Sadly, when I get hungry after missing a meal, I get REAL hungry, so the positive effect of the missed meal goes, well, missing.

Worse, though, I'm apparently a complete idiot in a kitchen by myself. Here's some fun things from meal preparation time in the last week:

1) I decided to have a couple sausages for dinner. I forgot to get them out of the freezer though, so I had to pry two links apart from the pack with a butter knife. As I'm taking the ice-covered spicy wieners to the grill, I realized I forgot something (tongs maybe... I forget), and spun around. The frozen sausages flew out of my fingers like wet soap in the shower, and landed directly in the dog's water dish. (Yes, I rinsed them off and ate them anyway... I let these dogs lick my face, what do I have to be afraid of?)

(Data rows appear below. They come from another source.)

lemma twice_differentiable_on_maxw_path:
  assumes m: "m > 0"
    and N: "twice_differentiable_on N S" and T: "twice_differentiable_on T S"
    and E: "twice_differentiable_on (\<lambda>\<theta>. (norm (v - U \<theta>))\<^sup>2) S"
    and T_pos: "\<And>\<theta>. \<theta> \<in> S \<Longrightarrow> T \<theta> > 0"
  shows "twice_differentiable_on (\<lambda>\<theta>. maxw m (N \<theta>) (U \<theta>) (T \<theta>) v) S"
proof -
  have "twice_differentiable_on (\<lambda>\<theta>. 2 * pi * T \<theta> / m) S"
    using m by (intro twice_differentiable_on_divide twice_differentiable_on_mult
        twice_differentiable_on_const T) auto
  then have P: "twice_differentiable_on (\<lambda>\<theta>. (2 * pi * T \<theta> / m) powr (3 / 2)) S"
    using m T_pos by (intro twice_differentiable_on_compose[OF twice_differentiable_on_powr]) auto
  have "twice_differentiable_on (\<lambda>\<theta>. - (norm (v - U \<theta>))\<^sup>2 / (2 * T \<theta> / m)) S"
    using m T_pos by (intro twice_differentiable_on_divide twice_differentiable_on_minus
        twice_differentiable_on_mult twice_differentiable_on_const E T) force+
  then have X: "twice_differentiable_on (\<lambda>\<theta>. exp (- (norm (v - U \<theta>))\<^sup>2 / (2 * T \<theta> / m))) S"
    by (intro twice_differentiable_on_compose[OF twice_differentiable_on_exp]) auto
  show ?thesis
    unfolding maxw_def using m T_pos
    by (intro twice_differentiable_on_mult twice_differentiable_on_divide N P X) force
qed
text \<open>Conclusion: a symmetric representative x of an element of ker f^# has f x \<in> I_H,
  so x \<in> core \<subseteq> symJ, and its class, being its own symmetrisation, lies in J.\<close>

lemma sharp_kernel_subset: "sharp_kernel h G H \<subseteq> J"
proof
  fix U :: "('a \<Rightarrow> 'k) set" assume U: "U \<in> sharp_kernel h G H"
  obtain x where x: "x \<in> carrier (grp_alg G)" "U = A_cls G x" "grp_star G x = x"
    "grp_alg_map h H x \<in> comm_ideal H"
    using sharp_kernelD[OF U] by blast
  have "grp_alg_map h H x \<in> core_image" using x(4) comm_ideal_core_image by blast
  hence "x \<in> symJ" using x(1) core_symJ by (auto simp: core_image_def)
  hence "A_cls G (sym_part G x) \<in> J" by (simp add: symJ_def)
  thus "U \<in> J" using sym_part_fixed[OF G.is_group x(1) x(3)] x(2) by simp
qed

end

theorem mainTheorem3:
  fixes G :: "('g, 'm) monoid_scheme" and H :: "('h, 'n) monoid_scheme"
    and f :: "'g \<Rightarrow> 'h" and L :: "'g set"
  assumes "group G" and "group H"
    and "f \<in> hom G H" and "f ` carrier G = carrier H"
    and "L \<subseteq> kernel G H f"
    and "normal_closure G L = kernel G H f"
  shows "(sharp_kernel f G H :: ('g \<Rightarrow> 'k::field_char_0) set set) = sharp_ideal G L"
proof
  have f: "group_hom G H f"
    using assms(1-3) by (simp add: group_hom_def group_hom_axioms_def)
  show "sharp_ideal G L \<subseteq> (sharp_kernel f G H :: ('g \<Rightarrow> 'k) set set)"
    by (rule group_hom.sharp_ideal_subset_kernel[OF f assms(5)])
  have "kernel_in_ideal G H f L (sharp_ideal G L :: ('g \<Rightarrow> 'k) set set)"
    by (intro kernel_in_ideal.intro kernel_in_ideal_axioms.intro f assms(4-6)
        group_hom.ideal_sharp_ideal[OF f assms(5)] sharp_gens_subset_sharp_ideal)
  thus "(sharp_kernel f G H :: ('g \<Rightarrow> 'k) set set) \<subseteq> sharp_ideal G L"
    by (rule kernel_in_ideal.sharp_kernel_subset)
qed

end
lemma expectation_bind_pmf_bounded:
  fixes f :: "'b \<Rightarrow> real"
  assumes bounded: "\<And>y. y \<in> set_pmf (bind_pmf M N) \<Longrightarrow> \<bar>f y\<bar> \<le> B"
  shows "measure_pmf.expectation (bind_pmf M N) f =
         measure_pmf.expectation M (\<lambda>x. measure_pmf.expectation (N x) f)"
proof -
  \<comment> \<open>The Giry-monad rule needs a global bound, so truncate \<open>f\<close> outside the support first.\<close>
  define g where "g y = max (- \<bar>B\<bar>) (min \<bar>B\<bar> (f y))" for y
  have g_eq: "g y = f y" if "y \<in> set_pmf (bind_pmf M N)" for y
    using bounded[OF that] by (auto simp: g_def)
  have "measure_pmf.expectation (bind_pmf M N) f = measure_pmf.expectation (bind_pmf M N) g"
    by (rule integral_cong_AE) (auto simp: AE_measure_pmf_iff g_eq)
  also have "\<dots> = measure_pmf.expectation M (\<lambda>x. measure_pmf.expectation (N x) g)"
    unfolding measure_pmf_bind
    using measurable_space[OF measurable_measure_pmf[of N]]
    by (intro integral_bind[where K = "count_space UNIV" and B = "\<bar>B\<bar>" and B' = 1])
       (auto simp: g_def measure_pmf.emeasure_space_1)
  also have "\<dots> = measure_pmf.expectation M (\<lambda>x. measure_pmf.expectation (N x) f)"
  proof (rule integral_cong_AE)
    show "AE x in measure_pmf M. measure_pmf.expectation (N x) g = measure_pmf.expectation (N x) f"
      by (auto simp: AE_measure_pmf_iff intro!: integral_cong_AE g_eq; blast)
  qed simp_all
  finally show ?thesis .
qed

section \<open>The play of the repeated auction\<close>

definition round_pmf :: "real pmf \<Rightarrow> seller_strat \<Rightarrow> buyer_alg \<Rightarrow> hist \<Rightarrow> round pmf" where
  "round_pmf D S A h =
     bind_pmf (S h (A h)) (\<lambda>M. bind_pmf D (\<lambda>v. bind_pmf (A h v) (\<lambda>j. return_pmf (v, j, M))))"

lemma play_Suc_round_pmf:
  "play D S A (Suc t) = bind_pmf (play D S A t) (\<lambda>h. map_pmf (\<lambda>x. h @ [x]) (round_pmf D S A h))"
  by (simp add: round_pmf_def map_bind_pmf map_return_pmf)

lemma length_play: "h \<in> set_pmf (play D S A t) \<Longrightarrow> length h = t"
  by (induction t arbitrary: h) auto

lemma abs_sum_list_le:
  fixes \<phi> :: "'a \<Rightarrow> real"
  assumes "\<And>x. x \<in> set xs \<Longrightarrow> \<bar>\<phi> x\<bar> \<le> B"
  shows "\<bar>sum_list (map \<phi> xs)\<bar> \<le> real (length xs) * B"
  using assms by (induction xs) (auto simp: algebra_simps intro!: order_trans[OF abs_triangle_ineq] add_mono)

2) Tonight, making spaghetti and meatballs for one (and I made a freakin' vat of the stuff so I'll have plenty left over for a few days), I went into the cupboard to get the salt to put in the boiling water, and it slipped from my hand and hit the little jar of toothpicks. Small pieces of wood rained everywhere on the counter, but the majority landed in the full bowl of food I'd just prepared for Kylie. I then spent the next five minutes picking bicuspid-picking splinters, now soaked with meat juice, out of the bowl. If I missed any, they've probably perforated her bowel by now.

Here's hoping I make it the rest of the week without harming myself.

Posted by Eric G. at 10:35 PM | Comments (3)
August 05, 2002
This can not be good

I've been up since 4am.

I was high on caffeine for 5 hours (a glass of Pepsi at 4:15am with a NO-Doze). I didn't stop for 4.25 hours as I drove from my in-laws to my house in MA.

Now I'm crashing, crashing, crashing... and it's only 9:17am.